I'm currently trying to set up a jupyter notebook that has some plotting functionality. For the latter, I want to test plotly, the data is coming from a PostgreSQL server. I fetch the data directly into a pandas dataframe using df = pd.read_sql(query.statement, query.session.bind)
.
Now, I want to plot multiple time series into one single plot. So x-axis is a series of datetime objects (df['timestamp']
) and y are floats (df['data']
). Plotting two datasets from different data frames works like this:
import pandas as pd
import plotly.graph_objs as go
import plotly.offline as py
trace1 = go.Scatter(x = df1['timestamp'],y = df1['data'])
trace2 = go.Scatter(x = df2['timestamp'],y = df2['data'])
data = [trace1, trace2]
fig = dict(data=data)
py.iplot(fig)
The data represents two measurement time series.
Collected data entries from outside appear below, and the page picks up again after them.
lemma maximizer_moves_to_admissible:
  assumes wf: "wf_game g" and L: "learned_EPFs g U" and sp: "sub g p = Some (Node pl cs)"
    and bounds: "Vlow (Node pl cs) \<le> \<mu>" "\<mu> \<le> Vup (Node pl cs)"
    and maximizer: "is_maximizer U p pl cs \<mu> c" and move: "moves_to c k \<mu>'"
  shows "k < length cs \<and> beta pl cs k \<le> ereal \<mu>' \<and> Vlow (cs ! k) \<le> \<mu>' \<and> \<mu>' \<le> Vup (cs ! k)"
proof -
  obtain i j t \<mu>1 \<mu>2 where c: "c = (i, j, t, \<mu>1, \<mu>2)" by (cases c) auto
  obtain c' where "feasible cs \<mu> c'" "objective U p pl cs c' \<noteq> -\<infinity>"
    using exists_feasible_objective_neq_minf[OF wf L sp bounds] by blast
  then have obj: "objective U p pl cs c \<noteq> -\<infinity>"
    using maximizer unfolding is_maximizer_def by fastforce
  have feas: "i < length cs" "j < length cs" "0 \<le> t" "t \<le> 1"
    using maximizer c by (auto simp: is_maximizer_def feasible_def)
  have not_pinf: "trunc (U (p @ [k'])) (beta pl cs k') x \<noteq> \<infinity>" if "k' < length cs" for k' x
    using learned_EPFs_finite(2)[OF L sub_snoc_child[OF sp that]] by (rule trunc_neq_pinf)
  have "ereal t * trunc (U (p @ [i])) (beta pl cs i) \<mu>1
      + ereal (1 - t) * trunc (U (p @ [j])) (beta pl cs j) \<mu>2 \<noteq> -\<infinity>"
    using obj by (simp add: c objective_def)
  note positive_weight_finite =
    ereal_convex_comb_neq_minf[OF feas(3,4) not_pinf[OF feas(1)] not_pinf[OF feas(2)] this]
  have "(0 < t \<and> k = i \<and> \<mu>' = \<mu>1) \<or> (t < 1 \<and> k = j \<and> \<mu>' = \<mu>2)"
    using move by (simp add: c moves_to_def)
  then have "k < length cs \<and> trunc (U (p @ [k])) (beta pl cs k) \<mu>' \<noteq> -\<infinity>"
    using positive_weight_finite feas(1,2) by blast
  then show ?thesis
    using learned_EPFs_finite(1)[OF L sub_snoc_child[OF sp]] by (auto simp: trunc_neq_minf_iff)
qed

lemma reached_promise_bounds:
  assumes wf: "wf_game g" and L: "learned_EPFs g U" and I: "induced_by g U \<mu>0 \<sigma>"
    and reached: "reached g \<sigma> \<mu>0 p \<mu>"
  shows "\<exists>h. sub g p = Some h \<and> Vlow h \<le> \<mu> \<and> \<mu> \<le> Vup h"
  using reached
proof (induction rule: reached_moves_to_induct)
  case root
  have "U [] (Vlow g) \<noteq> -\<infinity>"
    using learned_EPFs_finite(1)[OF L, of "[]" g] Vlow_le_Vup[OF wf] by simp
  moreover have "U [] (Vlow g) \<le> U [] \<mu>0"
    using I by (simp add: induced_by_def)
  ultimately have "U [] \<mu>0 \<noteq> -\<infinity>" by auto
  then show ?case using learned_EPFs_finite(1)[OF L, of "[]" g] by simp
next
  case (step p \<mu> pl cs k \<mu>')
  have "is_maximizer U p pl cs \<mu> (\<sigma> p \<mu>)"
    using I step.hyps(1,2) by (simp add: induced_by_def)
  then show ?case
    using maximizer_moves_to_admissible[OF wf L step.hyps(2) _ _ _ step.hyps(3)]
      step.IH step.hyps(2) sub_snoc_child[OF step.hyps(2)] by auto
qed
(* Suppose Assumption A1 holds, $\mathbf X\sim\mu\in\mathcal P_{ac}(\mathbb R^p)$, and $\mathcal G$ acts freely on $\mathcal GB$. Then for $(\mathbf x_0,\mathbf y_0)$ in a set of full measure under the law of $(\mathbf X,R(\mathbf X))$, the minimizer $S(\mathbf x_0,\mathbf y_0)=\arg\min_{Q\in\mathcal G}\|Q^\top\mathbf x_0-\mathbf y_0\|^2$ is unique, and $S$ is continuous at $(\mathbf x_0,\mathbf y_0)$ in the sense that for every sequence $(\mathbf x_n,\mathbf y_n)\to(\mathbf x_0,\mathbf y_0)$ and every choice of minimizers $Q_n\in\arg\min_{Q\in\mathcal G}\|Q^\top\mathbf x_n-\mathbf y_n\|^2$, $Q_n\to S(\mathbf x_0,\mathbf y_0)$.
   Context: $\mathcal G$ is a compact subgroup of $\mathrm O(p)$; $\mathrm{Uniform}(\mathcal G)$ its normalized Haar measure; $\mathcal P_{ac}(\mathbb R^p)$ Borel probability measures with a Lebesgue density; $\nu$ a fixed Borel probability measure. A1: there is a Borel $B$ with $\nu(B)=1$ such that every orbit $\{Q\mathbf x:Q\in\mathcal G\}$ meets $B$ in at most one point; $\mathcal GB=\{Q\mathbf x:Q\in\mathcal G,\mathbf x\in B\}$; $q:\mathcal GB\to B$, $q(Q\mathbf x)=\mathbf x$. $\mathcal G$ acts freely on $\mathcal GB$ if $Q\mathbf y=\mathbf y$ with $\mathbf y\in B$, $Q\in\mathcal G$ implies $Q=I$. Cost $c(\mathbf x,\mathbf h)=\min_{Q\in\mathcal G}\|Q^\top\mathbf x-\mathbf h\|^2$. $R$ is the population rank map: the $\mu$-a.e. unique Borel map such that the law of $(\mathbf X,R(\mathbf X))$ is the unique coupling of $\mu$ and $\nu$ whose support is $c$-cyclically monotone (i.e. for all $N$ and $(\mathbf x_i,\mathbf y_i)$ in the support, $\sum_{i=1}^Nc(\mathbf x_i,\mathbf y_i)\le\sum_{i=1}^Nc(\mathbf x_i,\mathbf y_{i+1})$, $\mathbf y_{N+1}=\mathbf y_1$); equivalently $R=q\circ\nabla\psi$ where $\nabla\psi$ is the a.e. unique gradient of a convex function pushing the law of $S\mathbf X$ to that of $S\mathbf H$ ($S\sim\mathrm{Uniform}(\mathcal G)$, $\mathbf H\sim\nu$, independent). *)

theory Defs
  imports "HOL-Probability.Probability"
begin

type_synonym 'p vec = "real ^ 'p"
type_synonym 'p mat = "real ^ 'p ^ 'p"

definition compact_orth_subgroup :: "'p::finite mat set \<Rightarrow> bool" where
  "compact_orth_subgroup G \<longleftrightarrow> compact G \<and> G \<subseteq> {Q. orthogonal_matrix Q} \<and>
     mat 1 \<in> G \<and> (\<forall>Q\<in>G. \<forall>Q'\<in>G. Q ** Q' \<in> G) \<and> (\<forall>Q\<in>G. transpose Q \<in> G)"

definition costG :: "'p::finite mat set \<Rightarrow> 'p vec \<Rightarrow> 'p vec \<Rightarrow> real" where
  "costG G x h = (INF Q\<in>G. (norm (transpose Q *v x - h))\<^sup>2)"

definition argminG :: "'p::finite mat set \<Rightarrow> 'p vec \<Rightarrow> 'p vec \<Rightarrow> 'p mat set" where
  "argminG G x y = {Q \<in> G. \<forall>Q'\<in>G. (norm (transpose Q *v x - y))\<^sup>2 \<le> (norm (transpose Q' *v x - y))\<^sup>2}"

definition msupport :: "'a::topological_space measure \<Rightarrow> 'a set" where
  "msupport M = {z. \<forall>U. open U \<and> z \<in> U \<longrightarrow> emeasure M U > 0}"

definition c_cyclically_monotone :: "('a \<Rightarrow> 'b \<Rightarrow> real) \<Rightarrow> ('a \<times> 'b) set \<Rightarrow> bool" where
  "c_cyclically_monotone c \<Gamma> \<longleftrightarrow>
     (\<forall>N::nat. \<forall>xs ys. N > 0 \<longrightarrow> (\<forall>i<N. (xs i, ys i) \<in> \<Gamma>) \<longrightarrow>
        (\<Sum>i<N. c (xs i) (ys i)) \<le> (\<Sum>i<N. c (xs i) (ys ((i + 1) mod N))))"

end

theory Submission
  imports Defs
begin

text \<open>Let \<open>\<Gamma>\<close> be the support of the law of (X, R X) and relate x to Q y whenever
  (x, y) \<in> \<Gamma> and Q is an optimal alignment of y to x. Expanding the cost,
  c-cyclical monotonicity of \<open>\<Gamma>\<close> for two points says exactly that this relation is monotone,
  \<open>0 \<le> (x - x') \<bullet> (g - g')\<close>. A monotone relation is single-valued off a Lebesgue-null set:
  on each line in a coordinate direction its jump points are separated by distinct rationals,
  so they are countable, and Fubini does the rest. As \<open>\<mu>\<close> is absolutely continuous, for almost
  every (x, y) the point Q y is the same for all minimizers Q, and since G acts freely at y \<in> B
  the minimizer itself is unique. Continuity then follows from compactness of G: every limit
  point of minimizers at (x_n, y_n) is a minimizer at (x, y).\<close>

lemma null_sets_lborel_if_countable_on_lines:
  fixes S :: "'a::euclidean_space set" and b :: 'a
  assumes S: "S \<in> sets borel" and b: "b \<noteq> 0"
    and countable_line: "\<And>x. countable {t::real. x + t *\<^sub>R b \<in> S}"
  shows "S \<in> null_sets lborel"
proof -
  define W where "W = {z::'a \<times> real. fst z + snd z *\<^sub>R b \<in> S}"
  have W: "W \<in> sets (lborel \<Otimes>\<^sub>M lborel)"
  proof -
    have "(\<lambda>z::'a \<times> real. fst z + snd z *\<^sub>R b) \<in> borel_measurable (lborel \<Otimes>\<^sub>M lborel)"
      by measurable
    from measurable_sets[OF this S] show ?thesis
      by (simp add: W_def vimage_def space_pair_measure)
  qed
  have "emeasure (lborel \<Otimes>\<^sub>M lborel) W = (\<integral>\<^sup>+x. emeasure lborel (Pair x -` W) \<partial>lborel)"
    by (rule lborel.emeasure_pair_measure_alt[OF W])
  also have "\<dots> = 0"
  proof -
    have "Pair x -` W = {t. x + t *\<^sub>R b \<in> S}" for x
      by (simp add: W_def vimage_def)
    then have "emeasure lborel (Pair x -` W) = 0" for x
      using countable_imp_null_set_lborel[OF countable_line] by (simp add: null_sets_def)
    then show ?thesis by simp
  qed
  finally have W_null: "emeasure (lborel \<Otimes>\<^sub>M lborel) W = 0" .
  have "emeasure (lborel \<Otimes>\<^sub>M lborel) W = (\<integral>\<^sup>+t. emeasure lborel ((\<lambda>x. (x, t)) -` W) \<partial>lborel)"
    by (rule pair_sigma_finite.emeasure_pair_measure_alt2[OF _ W])
      (intro pair_sigma_finite.intro sigma_finite_lborel)
  also have "\<dots> = (\<integral>\<^sup>+(t::real). emeasure lborel S \<partial>lborel)"
  proof -
    have "(\<lambda>x. (x, t)) -` W = (\<lambda>x. t *\<^sub>R b + x) -` S \<inter> space lborel" for t
      by (auto simp: W_def add.commute)
    then have "emeasure lborel ((\<lambda>x. (x, t)) -` W) = emeasure (distr lborel borel ((+) (t *\<^sub>R b))) S" for t
      using S by (simp add: emeasure_distr)
    then have "emeasure lborel ((\<lambda>x. (x, t)) -` W) = emeasure lborel S" for t
      by (simp add: lborel_distr_plus)
    then show ?thesis by simp
  qed
  also have "\<dots> = emeasure lborel S * \<infinity>"
    by simp
  finally have "emeasure lborel S = 0"
    using W_null by (simp add: ennreal_mult_eq_top_iff)
  then show ?thesis using S by auto
qed

definition monotone_rel :: "('a::real_inner \<Rightarrow> 'a \<Rightarrow> bool) \<Rightarrow> bool" where
  "monotone_rel T \<longleftrightarrow> (\<forall>x g x' g'. T x g \<longrightarrow> T x' g' \<longrightarrow> 0 \<le> (x - x') \<bullet> (g - g'))"

definition jump_set :: "('a::real_inner \<Rightarrow> 'a \<Rightarrow> bool) \<Rightarrow> 'a \<Rightarrow> 'a set" where
  "jump_set T b = {x. \<exists>g g'. T x g \<and> T x g' \<and> g \<bullet> b < g' \<bullet> b}"

lemma monotone_rel_on_line:
  assumes "monotone_rel T" "t < t'" "T (x + t *\<^sub>R b) g" "T (x + t' *\<^sub>R b) g'"
  shows "g \<bullet> b \<le> g' \<bullet> b"
proof -
  have "0 \<le> ((x + t *\<^sub>R b) - (x + t' *\<^sub>R b)) \<bullet> (g - g')"
    using assms(1,3,4) unfolding monotone_rel_def by blast
  also have "\<dots> = (t - t') * (g \<bullet> b - g' \<bullet> b)"
    by (simp add: algebra_simps inner_commute)
  finally show ?thesis
    using \<open>t < t'\<close> by (simp add: zero_le_mult_iff)
qed

lemma countable_jump_set_on_line:
  assumes T: "monotone_rel T"
  shows "countable {t. x + t *\<^sub>R b \<in> jump_set T b}" (is "countable ?A")
proof -
  have "\<forall>t\<in>?A. \<exists>r g g'. r \<in> \<rat> \<and> T (x + t *\<^sub>R b) g \<and> T (x + t *\<^sub>R b) g' \<and> g \<bullet> b < r \<and> r < g' \<bullet> b"
    unfolding jump_set_def by (blast dest: Rats_dense_in_real)
  then obtain r where r: "\<And>t. t \<in> ?A \<Longrightarrow> r t \<in> \<rat> \<and>
      (\<exists>g g'. T (x + t *\<^sub>R b) g \<and> T (x + t *\<^sub>R b) g' \<and> g \<bullet> b < r t \<and> r t < g' \<bullet> b)"
    by metis
  \<comment> \<open>jumps at different points of the line occupy disjoint intervals of values\<close>
  have r_less: "r t < r t'" if "t \<in> ?A" "t' \<in> ?A" "t < t'" for t t'
    using r[OF that(1)] r[OF that(2)] monotone_rel_on_line[OF T \<open>t < t'\<close>]
    by (meson le_less_trans less_trans)
  have "inj_on r ?A"
    by (rule inj_onI) (metis r_less linorder_neq_iff)
  moreover have "r ` ?A \<subseteq> \<rat>"
    using r by blast
  ultimately show ?thesis
    using countable_rat countable_image_inj_on countable_subset by metis
qed

lemma jump_set_null:
  fixes T :: "'a::euclidean_space \<Rightarrow> 'a \<Rightarrow> bool"
  assumes "monotone_rel T" "jump_set T b \<in> sets borel" "b \<noteq> 0"
  shows "jump_set T b \<in> null_sets lborel"
  using assms by (auto intro: null_sets_lborel_if_countable_on_lines countable_jump_set_on_line)

lemma single_valued_off_jump_sets:
  fixes T :: "'a::euclidean_space \<Rightarrow> 'a \<Rightarrow> bool"
  assumes "\<forall>b\<in>Basis. x \<notin> jump_set T b" "T x g" "T x g'"
  shows "g = g'"
proof (rule euclidean_eqI)
  fix b :: 'a assume "b \<in> Basis"
  with assms have "\<not> g \<bullet> b < g' \<bullet> b" "\<not> g' \<bullet> b < g \<bullet> b"
    unfolding jump_set_def by blast+
  then show "g \<bullet> b = g' \<bullet> b" by linarith
qed

lemma borel_fst_image_closed:
  fixes C :: "('a::euclidean_space \<times> 'b::euclidean_space) set"
  assumes "closed C"
  shows "fst ` C \<in> sets borel"
proof -
  have "C = (\<Union>m::nat. C \<inter> cball 0 (real m))"
    using real_arch_simple by auto
  then have "fst ` C = (\<Union>m::nat. fst ` (C \<inter> cball 0 (real m)))"
    by (metis image_UN)
  moreover have "closed (fst ` (C \<inter> cball 0 (real m)))" for m
    using closed_Int_compact[OF assms compact_cball]
    by (intro compact_imp_closed compact_continuous_image continuous_intros)
  ultimately show ?thesis
    by (auto intro: borel_closed)
qed

lemma compact_orth_subgroupD:
  assumes "compact_orth_subgroup G"
  shows "compact G" "closed G" "G \<noteq> {}" "\<And>Q. Q \<in> G \<Longrightarrow> orthogonal_matrix Q"
    "\<And>Q Q'. Q \<in> G \<Longrightarrow> Q' \<in> G \<Longrightarrow> Q ** Q' \<in> G" "\<And>Q. Q \<in> G \<Longrightarrow> transpose Q \<in> G"
  using assms by (auto simp: compact_orth_subgroup_def compact_imp_closed)

definition match_cost :: "'p::finite mat \<Rightarrow> 'p vec \<Rightarrow> 'p vec \<Rightarrow> real" where
  "match_cost Q x y = (norm (transpose Q *v x - y))\<^sup>2"

lemma argminG_iff:
  "Q \<in> argminG G x y \<longleftrightarrow> Q \<in> G \<and> (\<forall>Q'\<in>G. match_cost Q x y \<le> match_cost Q' x y)"
  by (simp add: argminG_def match_cost_def)

lemma costG_eq_match_cost: "Q \<in> argminG G x y \<Longrightarrow> costG G x y = match_cost Q x y"
  unfolding costG_def match_cost_def[symmetric]
  by (intro cInf_eq_minimum) (auto simp: argminG_iff)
The two datasets are recorded on different days, but I'm interested in a temporal comparison. So my idea was to remove a temporal bias (first timestamp df['timestamp'][0]
or earliest timestamp min(df['timestamp'])
) by subtraction:
df['timestamp'] = df['timestamp'] - df['timestamp'][0]
However, this results in a series of pandas._libs.tslib.Timedelta objects. Plotting multiple timedelta series in one plot works with matplotlib, but not in plotly. For some reason, the two graphs are weirdly concatenated (see picture, if available), although they should appear on the same timescale. Any ideas?